An entry strategy into Afghanistan?

International Viewpoint

Jonathan Powers

“We must have an exit strategy,” said President Barack Obama on television recently. But what about an entry strategy, or should we say, after seven years of steadily losing the war in Afghanistan a re-entry strategy?

In a month’s time Obama will descend on NATO at its Brussels HQ and demand that the Europeans help out. Well before then, Obama will have on his desk the interagency review of policy towards Afghanistan and Pakistan that he has requested. We should be able to guess its bias, if not every details of its contents. It is being chaired by Bruce Riedel. He is a former CIA officer and a senior advisor to three US presidents on Middle East and South Asian issues.

We know his views (and they are easily accessible on the Brookings website). My first reaction on reading them is why on earth didn’t Obama give the job to his old mentor Zbigniew Brzezinski or to Brent Scowcroft, the wise owl of Republican administrations (but not the last one). Why choose some lower level official who is used to being bossed around and told what to do? Both Brzezinski and Scowcroft have experience in standing close to a president and also, when necessary, standing up to him.

The answer, I fear, is that the two most practised men on foreign policy (excepting perhaps Henry Kissinger who has already made his doubts on Afghanistan policy clear) wouldn’t tow the White House party line. Obama made the decision to raise the stakes in Afghanistan and Pakistan way back in the campaign. Was it to counterbalance his withdrawal-from-Iraq position to show that he wasn’t soft on the use of military power abroad, rather as Bill Clinton used the expansion of NATO to win crucial votes in the mid-west from Poles and other Eastern Europeans in the diaspora, even though hardly anyone in the foreign affairs community either in the US or Europe was calling for it?

Riedel does say some sensible things: “The war in Afghanistan is going badly, the southern half of the country is in chaos… and in Pakistan, the jihadist Frankenstein monster that was created by the Pakistani army and Pakistani intelligence service is now increasingly turning on its creators.” And he goes on to say that the missile attacks inside Pakistan “have a counterproductive element in them… the American brand image has been badly eroded.” But we know all that.

So what does he advocate as a solution? The momentum of the Taliban “has to be broken.” He advocates more troops.
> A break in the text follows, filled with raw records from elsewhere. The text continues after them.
lemma (in prob_space) paley_zygmund_half:
  fixes Z :: "'a \<Rightarrow> real"
  assumes Z: "Z \<in> borel_measurable M" "integrable M (\<lambda>\<omega>. Z \<omega>^2)" and K: "K > 0"
    and pos: "0 < expectation Z"
    and moment: "expectation (\<lambda>\<omega>. Z \<omega>^2) \<le> K * (expectation Z)^2"
  shows "1/(4*K) \<le> prob {\<omega>\<in>space M. expectation Z / 2 \<le> Z \<omega>}"
proof -
  define c where "c = expectation Z"
  have c: "c > 0" using pos by (simp add: c_def)
  define A where "A = {\<omega>\<in>space M. c/2 \<le> Z \<omega>}"
  have A: "A \<in> events" unfolding A_def using Z(1) by measurable
  have "integrable M Z"
    using Z by (rule square_integrable_imp_integrable)
  \<comment> \<open>On \<open>A\<close> this is AM-GM, off \<open>A\<close> it is \<open>Z < c/2\<close>; integrating gives \<open>c \<le> 3c/4 + K c P(A)\<close>.\<close>
  have pointwise: "Z \<omega> \<le> c/2 + Z \<omega>^2 / (4*K*c) + K*c * indicator A \<omega>" if "\<omega> \<in> space M" for \<omega>
  proof (cases "\<omega> \<in> A")
    case True
    have "0 \<le> (Z \<omega> - 2*K*c)^2 / (4*K*c)" using K c by simp
    hence "Z \<omega> \<le> Z \<omega>^2 / (4*K*c) + K*c"
      using K c by (simp add: field_simps power2_eq_square)
    then show ?thesis using True c by simp
  next
    case False
    then have "Z \<omega> < c/2" "indicator A \<omega> = (0::real)"
      using that by (auto simp: A_def)
    moreover have "0 \<le> Z \<omega>^2 / (4*K*c)"
      using K c by simp
    ultimately show ?thesis
      by simp
  qed
  have square_int: "integrable M (\<lambda>\<omega>. Z \<omega>^2 / (4*K*c))"
    using Z(2) by simp
  have indicator_int: "integrable M (\<lambda>\<omega>. K*c * indicator A \<omega>)"
    using A by (simp add: less_top[symmetric])
  have "integrable M (\<lambda>\<omega>. c/2 + Z \<omega>^2 / (4*K*c) + K*c * indicator A \<omega>)"
    using square_int indicator_int by simp
  then have "c \<le> expectation (\<lambda>\<omega>. c/2 + Z \<omega>^2 / (4*K*c) + K*c * indicator A \<omega>)"
    using integral_mono[OF \<open>integrable M Z\<close> _ pointwise] by (simp only: c_def[symmetric])
  also have "\<dots> = c/2 + expectation (\<lambda>\<omega>. Z \<omega>^2) / (4*K*c) + K*c * prob A"
    using square_int indicator_int A by (simp add: Bochner_Integration.integral_add prob_space)
  also have "\<dots> \<le> c/2 + c/4 + K*c * prob A"
  proof -
    have "expectation (\<lambda>\<omega>. Z \<omega>^2) / (4*K*c) \<le> K*c^2 / (4*K*c)"
      using moment K c by (intro divide_right_mono) (auto simp: c_def)
    also have "K*c^2 / (4*K*c) = c/4"
      using K c by (simp add: power2_eq_square)
    finally show ?thesis
      by simp
  qed
  finally show ?thesis
    using K c by (simp add: A_def c_def field_simps)
qed

lemma nn_integral_less_imp_measurable_minorant:
  fixes Z :: "'a \<Rightarrow> real"
  assumes nonneg: "\<And>\<omega>. 0 \<le> Z \<omega>" and less: "c < (\<integral>\<^sup>+\<omega>. Z \<omega> \<partial>M)"
  obtains h where "h \<in> borel_measurable M" "\<And>\<omega>. 0 \<le> h \<omega>" "\<And>\<omega>. h \<omega> \<le> Z \<omega>"
    "c < (\<integral>\<^sup>+\<omega>. h \<omega> \<partial>M)"
proof -
  obtain g where g: "simple_function M g" "g \<le> (\<lambda>\<omega>. ennreal (Z \<omega>))" and "c < integral\<^sup>S M g"
    using less unfolding nn_integral_def by (auto simp: less_SUP_iff)
  have g_le: "g \<omega> \<le> ennreal (Z \<omega>)" for \<omega>
    using g(2) by (simp add: le_fun_def)
  define h where "h \<omega> = enn2real (g \<omega>)" for \<omega>
  have "g \<omega> \<noteq> \<top>" for \<omega>
    using g_le[of \<omega>] by (auto simp: top_unique)
  then have g_eq: "g = (\<lambda>\<omega>. ennreal (h \<omega>))"
    by (simp add: h_def ennreal_enn2real_if)
  show thesis
  proof
    show "h \<in> borel_measurable M"
      unfolding h_def using borel_measurable_simple_function[OF g(1)] by measurable
    show "0 \<le> h \<omega>" for \<omega>
      by (simp add: h_def)
    show "h \<omega> \<le> Z \<omega>" for \<omega>
      using g_le[of \<omega>] nonneg[of \<omega>] by (simp add: g_eq)
    show "c < (\<integral>\<^sup>+\<omega>. h \<omega> \<partial>M)"
      using \<open>c < integral\<^sup>S M g\<close> nn_integral_eq_simple_integral[OF g(1)] by (simp add: g_eq)
  qed
qed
A shrewd guess is this is how the report will turn out, with a promise that the commitment is not open ended and that the burden for the long run must fall on the soldiers of a well-trained and equipped Afghan security force.
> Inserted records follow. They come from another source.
(* Let $(\varphi,\mathcal A,V)$ be a linear system with $V\neq\{0\}$. If $\ker\varphi$ contains a nonzero left ideal of $\mathcal A$, then the universal dilation of $(\varphi,\mathcal A,V)$ is not equivalent to its principle (canonical) dilation.
   Context: Fix a field $\mathbb F$; all algebras and vector spaces are over $\mathbb F$, and $L(X)$ is the algebra of linear maps $X\to X$. A linear system $(\varphi,\mathcal A,V)$: $\mathcal A$ a unital associative algebra with unit $I$, $V$ a vector space, $\varphi:\mathcal A\to L(V)$ linear with $\varphi(I)=\mathrm{id}_V$. A homomorphism dilation system $(\pi,S,T,W)$: $W$ a vector space, $\pi:\mathcal A\to L(W)$ a unital homomorphism, $T:V\to W$ injective linear, $S:W\to V$ surjective linear, $\varphi(a)=S\pi(a)T$ for all $a$. Two linearly minimal systems (i.e. with $W=\mathrm{span}\{\pi(a)Tv\}$) are equivalent if there is a bijective linear $R:W_1\to W_2$ with $RT_1=T_2$, $S_2R=S_1$, $\pi_1(a)=R^{-1}\pi_2(a)R$ for all $a$. The universal dilation is $(\pi_u,S_u,T_u,\mathcal A\otimes V)$ with $\pi_u(a)(b\otimes x)=(ab)\otimes x$, $T_ux=I\otimes x$, $S_u(a\otimes x)=\varphi(a)x$. Canonical dilation: $\alpha_{a,x}\in L(\mathcal A,V)$, $\alpha_{a,x}(b)=\varphi(ba)x$; $W_c=\mathrm{span}\{\alpha_{a,x}\}$; $\pi_c(a)\alpha_{b,x}=\alpha_{ab,x}$; $T_cx=\alpha_{I,x}$; $S_c(\alpha_{a,x})=\varphi(a)x$. *)

theory Defs
  imports Complex_Main "HOL-Library.Function_Algebras"
begin

definition unital_algebra :: "('f::field \<Rightarrow> 'a::ring_1 \<Rightarrow> 'a) \<Rightarrow> bool" where
  "unital_algebra sA \<longleftrightarrow> vector_space sA \<and>
     (\<forall>c a b. sA c (a * b) = sA c a * b \<and> sA c (a * b) = a * sA c b)"

text \<open>Linear system (phi, A, V): V is the whole type 'v with scalar multiplication sV,
 phi : A -> L(V) linear, each phi a linear, phi(1) = id.\<close>
definition linear_system ::
  "('f::field \<Rightarrow> 'a::ring_1 \<Rightarrow> 'a) \<Rightarrow> ('f \<Rightarrow> 'v::ab_group_add \<Rightarrow> 'v) \<Rightarrow> ('a \<Rightarrow> 'v \<Rightarrow> 'v) \<Rightarrow> bool" where
  "linear_system sA sV phi \<longleftrightarrow> unital_algebra sA \<and> vector_space sV \<and>
     (\<forall>a. \<forall>x y. phi a (x + y) = phi a x + phi a y) \<and>
     (\<forall>a. \<forall>c x. phi a (sV c x) = sV c (phi a x)) \<and>
     (\<forall>a b x. phi (a + b) x = phi a x + phi b x) \<and>
     (\<forall>c a x. phi (sA c a) x = sV c (phi a x)) \<and>
     phi 1 = id"

definition left_ideal :: "('f \<Rightarrow> 'a::ring_1 \<Rightarrow> 'a) \<Rightarrow> 'a set \<Rightarrow> bool" where
  "left_ideal sA J \<longleftrightarrow> 0 \<in> J \<and> (\<forall>x\<in>J. \<forall>y\<in>J. x + y \<in> J) \<and>
     (\<forall>c. \<forall>x\<in>J. sA c x \<in> J) \<and> (\<forall>a. \<forall>x\<in>J. a * x \<in> J)"

definition ker_sys :: "('a \<Rightarrow> 'v \<Rightarrow> 'v::zero) \<Rightarrow> 'a set" where
  "ker_sys phi = {a. phi a = (\<lambda>x. 0)}"

text \<open>A dilation system is given by its space W (a carrier set inside some type, with
 addition add and scalar multiplication sc), pi, S and T.\<close>
definition dil_equiv ::
  "'w1 set \<Rightarrow> ('w1 \<Rightarrow> 'w1 \<Rightarrow> 'w1) \<Rightarrow> ('f \<Rightarrow> 'w1 \<Rightarrow> 'w1) \<Rightarrow>
   ('a \<Rightarrow> 'w1 \<Rightarrow> 'w1) \<Rightarrow> ('w1 \<Rightarrow> 'v) \<Rightarrow> ('v \<Rightarrow> 'w1) \<Rightarrow>
   'w2 set \<Rightarrow> ('w2 \<Rightarrow> 'w2 \<Rightarrow> 'w2) \<Rightarrow> ('f \<Rightarrow> 'w2 \<Rightarrow> 'w2) \<Rightarrow>
   ('a \<Rightarrow> 'w2 \<Rightarrow> 'w2) \<Rightarrow> ('w2 \<Rightarrow> 'v) \<Rightarrow> ('v \<Rightarrow> 'w2) \<Rightarrow> bool" where
  "dil_equiv W1 add1 sc1 pi1 S1 T1 W2 add2 sc2 pi2 S2 T2 \<longleftrightarrow>
    (\<exists>R. bij_betw R W1 W2 \<and>
         (\<forall>x\<in>W1. \<forall>y\<in>W1. R (add1 x y) = add2 (R x) (R y)) \<and>
         (\<forall>c. \<forall>x\<in>W1. R (sc1 c x) = sc2 c (R x)) \<and>
         (\<forall>v. R (T1 v) = T2 v) \<and>
         (\<forall>w\<in>W1. S2 (R w) = S1 w) \<and>
         (\<forall>a. \<forall>w\<in>W1. pi1 a w = the_inv_into W1 R (pi2 a (R w))))"

text \<open>Free vector space on A \<times> V: finitely supported functions, modulo the span of the
 bilinearity relations.  Elements of A \<otimes> V are cosets.\<close>

definition fscale :: "'f::field \<Rightarrow> ('p \<Rightarrow> 'f) \<Rightarrow> ('p \<Rightarrow> 'f)" where
  "fscale c u = (\<lambda>p. c * u p)"

definition free_sp :: "('p \<Rightarrow> 'f::field) set" where
  "free_sp = {u. finite {p. u p \<noteq> 0}}"

definition delta :: "'p \<Rightarrow> ('p \<Rightarrow> 'f::field)" where
  "delta p = (\<lambda>q. if q = p then 1 else 0)"

definition tens_gens :: "('f::field \<Rightarrow> 'a::ring_1 \<Rightarrow> 'a) \<Rightarrow> ('f \<Rightarrow> 'v::ab_group_add \<Rightarrow> 'v)
     \<Rightarrow> ('a \<times> 'v \<Rightarrow> 'f) set" where
  "tens_gens sA sV =
     {delta (a + b, x) - delta (a, x) - delta (b, x) | a b x. True} \<union>
     {delta (a, x + y) - delta (a, x) - delta (a, y) | a x y. True} \<union>
     {delta (sA c a, x) - fscale c (delta (a, x)) | c a x. True} \<union>
     {delta (a, sV c x) - fscale c (delta (a, x)) | c a x. True}"

definition tens_null :: "('f::field \<Rightarrow> 'a::ring_1 \<Rightarrow> 'a) \<Rightarrow> ('f \<Rightarrow> 'v::ab_group_add \<Rightarrow> 'v)
     \<Rightarrow> ('a \<times> 'v \<Rightarrow> 'f) set" where
  "tens_null sA sV = module.span fscale (tens_gens sA sV)"

definition coset :: "('p \<Rightarrow> 'f::field) set \<Rightarrow> ('p \<Rightarrow> 'f) \<Rightarrow> ('p \<Rightarrow> 'f) set" where
  "coset N u = (\<lambda>n. u + n) ` N"

definition tens_space :: "('f::field \<Rightarrow> 'a::ring_1 \<Rightarrow> 'a) \<Rightarrow> ('f \<Rightarrow> 'v::ab_group_add \<Rightarrow> 'v)
     \<Rightarrow> ('a \<times> 'v \<Rightarrow> 'f) set set" where
  "tens_space sA sV = coset (tens_null sA sV) ` free_sp"

definition tens :: "('f::field \<Rightarrow> 'a::ring_1 \<Rightarrow> 'a) \<Rightarrow> ('f \<Rightarrow> 'v::ab_group_add \<Rightarrow> 'v)
     \<Rightarrow> 'a \<Rightarrow> 'v \<Rightarrow> ('a \<times> 'v \<Rightarrow> 'f) set" where
  "tens sA sV a x = coset (tens_null sA sV) (delta (a, x))"

definition tens_add :: "('p \<Rightarrow> 'f::field) set \<Rightarrow> ('p \<Rightarrow> 'f) set \<Rightarrow> ('p \<Rightarrow> 'f) set" where
  "tens_add X Y = {x + y | x y. x \<in> X \<and> y \<in> Y}"

definition tens_scale :: "('f::field \<Rightarrow> 'a::ring_1 \<Rightarrow> 'a) \<Rightarrow> ('f \<Rightarrow> 'v::ab_group_add \<Rightarrow> 'v)
     \<Rightarrow> 'f \<Rightarrow> ('a \<times> 'v \<Rightarrow> 'f) set \<Rightarrow> ('a \<times> 'v \<Rightarrow> 'f) set" where
  "tens_scale sA sV c X = {fscale c x + n | x n. x \<in> X \<and> n \<in> tens_null sA sV}"

text \<open>Linear map on the free space induced by (b, x) \<mapsto> (a b, x).\<close>
definition lmul_free :: "'a::ring_1 \<Rightarrow> ('a \<times> 'v \<Rightarrow> 'f::field) \<Rightarrow> ('a \<times> 'v \<Rightarrow> 'f)" where
  "lmul_free a u = (\<lambda>q. \<Sum>p\<in>{p. u p \<noteq> 0 \<and> (a * fst p, snd p) = q}. u p)"

text \<open>pi_u(a)(b \<otimes> x) = (a b) \<otimes> x, extended linearly.\<close>
definition pi_u :: "('f::field \<Rightarrow> 'a::ring_1 \<Rightarrow> 'a) \<Rightarrow> ('f \<Rightarrow> 'v::ab_group_add \<Rightarrow> 'v)
     \<Rightarrow> 'a \<Rightarrow> ('a \<times> 'v \<Rightarrow> 'f) set \<Rightarrow> ('a \<times> 'v \<Rightarrow> 'f) set" where
  "pi_u sA sV a X = {lmul_free a x + n | x n. x \<in> X \<and> n \<in> tens_null sA sV}"

text \<open>S_u(a \<otimes> x) = phi(a) x, extended linearly (computed on a representative).\<close>
definition S_u :: "('f::field \<Rightarrow> 'v::ab_group_add \<Rightarrow> 'v) \<Rightarrow> ('a \<Rightarrow> 'v \<Rightarrow> 'v)
     \<Rightarrow> ('a \<times> 'v \<Rightarrow> 'f) set \<Rightarrow> 'v" where
  "S_u sV phi X = (let u = (SOME u. u \<in> X) in
      \<Sum>p\<in>{p. u p \<noteq> 0}. sV (u p) (phi (fst p) (snd p)))"

definition T_u :: "('f::field \<Rightarrow> 'a::ring_1 \<Rightarrow> 'a) \<Rightarrow> ('f \<Rightarrow> 'v::ab_group_add \<Rightarrow> 'v)
     \<Rightarrow> 'v \<Rightarrow> ('a \<times> 'v \<Rightarrow> 'f) set" where
  "T_u sA sV x = tens sA sV 1 x"

definition lscale :: "('f \<Rightarrow> 'v \<Rightarrow> 'v) \<Rightarrow> 'f \<Rightarrow> ('a \<Rightarrow> 'v) \<Rightarrow> ('a \<Rightarrow> 'v)" where
  "lscale sV c f = (\<lambda>b. sV c (f b))"

definition alpha :: "('a::ring_1 \<Rightarrow> 'v \<Rightarrow> 'v) \<Rightarrow> 'a \<Rightarrow> 'v \<Rightarrow> ('a \<Rightarrow> 'v)" where
  "alpha phi a x = (\<lambda>b. phi (b * a) x)"

definition W_c :: "('f::field \<Rightarrow> 'v::ab_group_add \<Rightarrow> 'v) \<Rightarrow> ('a::ring_1 \<Rightarrow> 'v \<Rightarrow> 'v)
     \<Rightarrow> ('a \<Rightarrow> 'v) set" where
  "W_c sV phi = module.span (lscale sV) {alpha phi a x | a x. True}"

text \<open>pi_c(a) alpha_{b,x} = alpha_{ab,x}; its linear extension is f \<mapsto> (c \<mapsto> f (c a)).\<close>
definition pi_c :: "'a::ring_1 \<Rightarrow> ('a \<Rightarrow> 'v) \<Rightarrow> ('a \<Rightarrow> 'v)" where
  "pi_c a f = (\<lambda>b. f (b * a))"

definition T_c :: "('a::ring_1 \<Rightarrow> 'v \<Rightarrow> 'v) \<Rightarrow> 'v \<Rightarrow> ('a \<Rightarrow> 'v)" where
  "T_c phi x = alpha phi 1 x"

text \<open>S_c alpha_{a,x} = phi(a) x; its linear extension is evaluation at I.\<close>
definition S_c :: "('a::ring_1 \<Rightarrow> 'v) \<Rightarrow> 'v" where
  "S_c f = f 1"

end

theory Submission
  imports Defs
begin

text \<open>Suppose \<open>R\<close> were an equivalence.  Pick \<open>j \<noteq> 0\<close> in the left ideal \<open>J \<subseteq> ker \<phi>\<close> and \<open>v \<noteq> 0\<close>.
  Since \<open>b j \<in> J\<close> for every \<open>b\<close>, \<open>\<pi>\<^sub>c(j) T\<^sub>c v = \<alpha>\<^sub>j\<^sub>,\<^sub>v = 0\<close>, so intertwining gives
  \<open>j \<otimes> v = \<pi>\<^sub>u(j) T\<^sub>u v = R\<^sup>-\<^sup>1 0 = 0\<close>.  But \<open>j \<otimes> v \<noteq> 0\<close>: for a functional \<open>f\<close> with
  \<open>f j = 1\<close>, the bilinear map \<open>(a, x) \<mapsto> f(a) x\<close> factors through \<open>A \<otimes> V\<close> and sends
  \<open>j \<otimes> v\<close> to \<open>v\<close>.\<close>

lemma exists_linear_functional_eq_1:
  fixes sA :: "'f::field \<Rightarrow> 'a::ab_group_add \<Rightarrow> 'a"
  assumes "vector_space sA" and "j \<noteq> 0"
  shows "\<exists>f. Vector_Spaces.linear sA (*) f \<and> f j = 1"
proof -
  interpret vector_space_pair sA "(*) :: 'f \<Rightarrow> 'f \<Rightarrow> 'f"
    by (simp add: vector_space_pair_def assms(1)) (unfold_locales, auto simp: algebra_simps)
  have ind: "vs1.independent {j}"
    using assms(2) by (intro vs1.independent_insertI vs1.independent_empty) auto
  show ?thesis
    by (rule exI[of _ "construct {j} (\<lambda>_. 1)"])
       (simp add: linear_construct[OF ind] construct_basis[OF ind])
qed

lemma vector_space_fscale: "vector_space (fscale :: 'f::field \<Rightarrow> ('p \<Rightarrow> 'f) \<Rightarrow> ('p \<Rightarrow> 'f))"
  by unfold_locales (auto simp: fscale_def fun_eq_iff algebra_simps)

lemma free_sp_closed:
  assumes "u \<in> free_sp" "w \<in> free_sp"
  shows "u + w \<in> free_sp" "u - w \<in> free_sp" "fscale c u \<in> free_sp"
  using assms unfolding free_sp_def
  by (auto intro: finite_subset[of _ "{p. u p \<noteq> 0} \<union> {p. w p \<noteq> 0}"]
                  finite_subset[of _ "{p. u p \<noteq> 0}"] simp: fscale_def)

lemma delta_in_free_sp: "delta p \<in> free_sp"
  by (auto simp: free_sp_def delta_def)

lemma zero_in_free_sp: "0 \<in> free_sp"
  by (auto simp: free_sp_def)

definition free_eval :: "('f::field \<Rightarrow> 'v::ab_group_add \<Rightarrow> 'v) \<Rightarrow> ('p \<Rightarrow> 'v) \<Rightarrow> ('p \<Rightarrow> 'f) \<Rightarrow> 'v" where
  "free_eval sV B u = (\<Sum>p\<in>{p. u p \<noteq> 0}. sV (u p) (B p))"

context
  fixes sV :: "'f::field \<Rightarrow> 'v::ab_group_add \<Rightarrow> 'v" and B :: "'p \<Rightarrow> 'v"
  assumes vector_space_sV: "vector_space sV"
begin

interpretation V: vector_space sV by (rule vector_space_sV)

lemma free_eval_superset:
  assumes "finite F" "{p. u p \<noteq> 0} \<subseteq> F"
  shows "free_eval sV B u = (\<Sum>p\<in>F. sV (u p) (B p))"
  unfolding free_eval_def using assms by (intro sum.mono_neutral_left) auto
Is that an exit strategy? Hardly. In Vietnam President Richard Nixon and Henry Kissinger tried that policy of trying to turn things over to a local army. In the end the Americans had to be evacuated from the roof of the American embassy. The war had devastated the presidency of Lyndon Johnson. It destroyed his ambitions and plans for a “Great Society,” one that would do many of the things in social policy that Obama is now intent on doing.
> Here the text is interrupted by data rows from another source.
lemma nn_conv_pointwise_bound:
  fixes F G :: "'a::euclidean_space \<Rightarrow> real" and x :: 'a
  assumes Fm: "F \<in> borel_measurable lebesgue" and Gm: "G \<in> borel_measurable lebesgue"
    and F0: "\<And>z. F z \<ge> 0" and G0: "\<And>z. G z \<ge> 0"
    and w: "\<alpha> \<ge> 0" "\<beta> \<ge> 0" "\<gamma> \<ge> 0" "\<alpha> + \<beta> + \<gamma> = 1"
    and PQ: "P > 0" "Q > 0" "P * (\<alpha> + \<beta>) = 1" "Q * (\<alpha> + \<gamma>) = 1"
    and pos: "a > 0" "b > 0" "k > 0"
    and IA: "(\<integral>\<^sup>+z. ennreal (F z powr P) \<partial>lebesgue) = ennreal a"
    and IB: "(\<integral>\<^sup>+z. ennreal (G z powr Q) \<partial>lebesgue) = ennreal b"
    and IK: "\<alpha> = 0 \<or> (\<integral>\<^sup>+y. ennreal (F (x - y) powr P * G y powr Q) \<partial>lebesgue) \<le> ennreal k"
  shows "(\<integral>\<^sup>+y. ennreal (F (x - y) * G y) \<partial>lebesgue) \<le> ennreal (k powr \<alpha> * a powr \<beta> * b powr \<gamma>)"
proof -
  define c where "c = k powr \<alpha> * a powr \<beta> * b powr \<gamma>"
  have c: "c > 0" using pos by (simp add: c_def)
  have [measurable]: "(\<lambda>y. F (x - y)) \<in> borel_measurable lebesgue" "F \<in> borel_measurable lebesgue"
    "G \<in> borel_measurable lebesgue"
    using measurable_reflect[OF Fm] Fm Gm by auto
  have splitting: "ennreal (F (x - y) * G y) \<le>
      ennreal (c * \<alpha> / k) * ennreal (F (x - y) powr P * G y powr Q)
      + ennreal (c * \<beta> / a) * ennreal (F (x - y) powr P) + ennreal (c * \<gamma> / b) * ennreal (G y powr Q)" for y
  proof -
    have "F (x - y) * G y \<le> c * \<alpha> / k * (F (x - y) powr P * G y powr Q) + c * \<beta> / a * F (x - y) powr P
        + c * \<gamma> / b * G y powr Q"
      unfolding c_def by (rule young_three_terms) (use F0 G0 w PQ pos in auto)
    then show ?thesis
      using c w pos by (simp add: ennreal_leI flip: ennreal_plus ennreal_mult)
  qed
  have IA_reflected: "(\<integral>\<^sup>+y. ennreal (F (x - y) powr P) \<partial>lebesgue) = ennreal a"
    using nn_integral_reflect[of "\<lambda>z. ennreal (F z powr P)" x] IA by simp
  have mixed_term: "ennreal (c * \<alpha> / k) * (\<integral>\<^sup>+y. ennreal (F (x - y) powr P * G y powr Q) \<partial>lebesgue)
      \<le> ennreal (c * \<alpha>)"
  proof (cases "\<alpha> = 0")
    case True then show ?thesis by simp
  next
    case False
    then have "ennreal (c * \<alpha> / k) * (\<integral>\<^sup>+y. ennreal (F (x - y) powr P * G y powr Q) \<partial>lebesgue)
        \<le> ennreal (c * \<alpha> / k) * ennreal k"
      using IK by (intro mult_left_mono) auto
    also have "\<dots> = ennreal (c * \<alpha>)"
      using c w pos by (simp add: ennreal_mult[symmetric])
    finally show ?thesis .
  qed
  have "(\<integral>\<^sup>+y. ennreal (F (x - y) * G y) \<partial>lebesgue) \<le>
     (\<integral>\<^sup>+y. ennreal (c * \<alpha> / k) * ennreal (F (x - y) powr P * G y powr Q)
      + ennreal (c * \<beta> / a) * ennreal (F (x - y) powr P) + ennreal (c * \<gamma> / b) * ennreal (G y powr Q) \<partial>lebesgue)"
    by (intro nn_integral_mono splitting)
  also have "\<dots> = ennreal (c * \<alpha> / k) * (\<integral>\<^sup>+y. ennreal (F (x - y) powr P * G y powr Q) \<partial>lebesgue)
      + ennreal (c * \<beta> / a) * (\<integral>\<^sup>+y. ennreal (F (x - y) powr P) \<partial>lebesgue)
      + ennreal (c * \<gamma> / b) * (\<integral>\<^sup>+y. ennreal (G y powr Q) \<partial>lebesgue)"
    by (simp add: nn_integral_add nn_integral_cmult)
  also have "\<dots> \<le> ennreal (c * \<alpha>) + ennreal (c * \<beta>) + ennreal (c * \<gamma>)"
    using mixed_term c pos w by (auto simp: IA_reflected IB ennreal_mult[symmetric] intro!: add_mono)
  also have "\<dots> = ennreal c"
    using c w by (simp add: ennreal_plus[symmetric] distrib_left[symmetric] del: ennreal_plus)
  finally show ?thesis by (simp add: c_def)
qed

text \<open>Balls of positive radius have positive Lebesgue measure; this makes the
  essential supremum see values of continuous functions.\<close>
lemma ball_measure_pos:
  fixes c :: "'a::euclidean_space"
  assumes "e > 0" shows "measure lebesgue (ball c e) > 0"
proof -
  have "measure lebesgue (ball c e) = measure lborel (ball c e)"
    by (intro measure_completion) simp
  then show ?thesis using content_ball_pos[OF assms, of c] by simp
qed

lemma Lp_top_upper:
  assumes "\<And>x. ennreal (cmod (f x)) \<le> c"
  shows "Lp_norm top f \<le> c"
  unfolding Lp_norm_def using assms by (auto intro: Inf_lower)

lemma Lp_top_AE:
  fixes f :: "'a::euclidean_space \<Rightarrow> complex"
  shows "AE x in lebesgue. ennreal (cmod (f x)) \<le> Lp_norm top f"
proof -
  define A where "A = {c. AE x in lebesgue. ennreal (cmod (f x)) \<le> c}"
  have "top \<in> A" by (simp add: A_def)
  then obtain u where u: "\<And>n. u n \<in> A" "u \<longlonglongrightarrow> Inf A"
    using Inf_as_limit[of A] by blast
  have "AE x in lebesgue. \<forall>n. ennreal (cmod (f x)) \<le> u n"
    using u(1) by (simp add: A_def AE_all_countable)
  then have "AE x in lebesgue. ennreal (cmod (f x)) \<le> Inf A"
    by (rule eventually_mono) (auto intro: LIMSEQ_le_const[OF u(2)])
  then show ?thesis by (simp add: A_def Lp_norm_def)
qed

lemma Lp_top_lower:
  fixes f :: "'a::euclidean_space \<Rightarrow> complex"
  assumes e: "e > 0" and lb: "\<And>z. z \<in> ball c e \<Longrightarrow> d \<le> cmod (f z)"
  shows "ennreal d \<le> Lp_norm top f"
  unfolding Lp_norm_def
proof (simp, rule Inf_greatest, safe)
  fix c' assume AE: "AE x in lebesgue. ennreal (cmod (f x)) \<le> c'"
  show "ennreal d \<le> c'"
  proof (rule ccontr)
    assume "\<not> ennreal d \<le> c'"
    then have lt: "c' < ennreal d" by simp
    have "AE z in lebesgue. z \<notin> ball c e"
      using AE
    proof (rule eventually_mono)
      fix z assume le: "ennreal (cmod (f z)) \<le> c'"
      show "z \<notin> ball c e"
      proof
        assume "z \<in> ball c e"
        then have "ennreal d \<le> ennreal (cmod (f z))" using lb by (intro ennreal_leI) auto
        then show False using le lt by (meson order.trans leD)
      qed
    qed
    then have "emeasure lebesgue (ball c e) = 0"
      by (subst (asm) AE_iff_measurable[OF lmeasurable_ball[THEN fmeasurableD]]) auto
    then show False using ball_measure_pos[OF e, of c] by (simp add: emeasure_eq_measure2)
  qed
qed

lemma Lp_norm_of_zero: "Lp_norm r (\<lambda>x. 0 :: complex) = 0"
proof (cases "r = top")
  case True then show ?thesis using Lp_top_upper[of "\<lambda>x. 0" 0] by simp
next
  case False
  have "(\<lambda>x. ennreal (cmod (0::complex) powr enn2real r)) = (\<lambda>x. 0)" by simp
  then show ?thesis using False unfolding Lp_norm_def by (simp add: Let_def)
qed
Is all this forgotten or is Obama a little too young to have all this seared on his soul? I fear so.

Why should the Americans and NATO have any more luck in Afghanistan than the Red Army? The Soviets put their best troops into Afghanistan. Only fools try and belittle the quality of Soviet troops. Historians tell us it was the Red Army who did the most to defeat Hitler.

The Western troops may have more fire power today but in the terrain of Afghanistan where the Taliban know every creek and molehill they have as much chance as did the Americans up against the Vietcong who knew every tree in the jungle.

It is time to find another way? Withdraw most of the military. Leave behind peacekeepers and switch them into blue helmets by order of the UN Security Council. Ask Interpol to bring in its best detectives to track down Osama bin Laden. It needs the backbone of them to be people who speak Pashto, although the FBI and Scotland Yard can give advice on the spot on forensic techniques and all the modern technology of big-time police forces. There are clues around − I recall former president, Pervez Musharraf, telling me of one −  the use of dollars in parts on the border areas.

But he hadn’t the guts to stand up to the Americans on an alternative to war. His country needed American money. And still does, alas.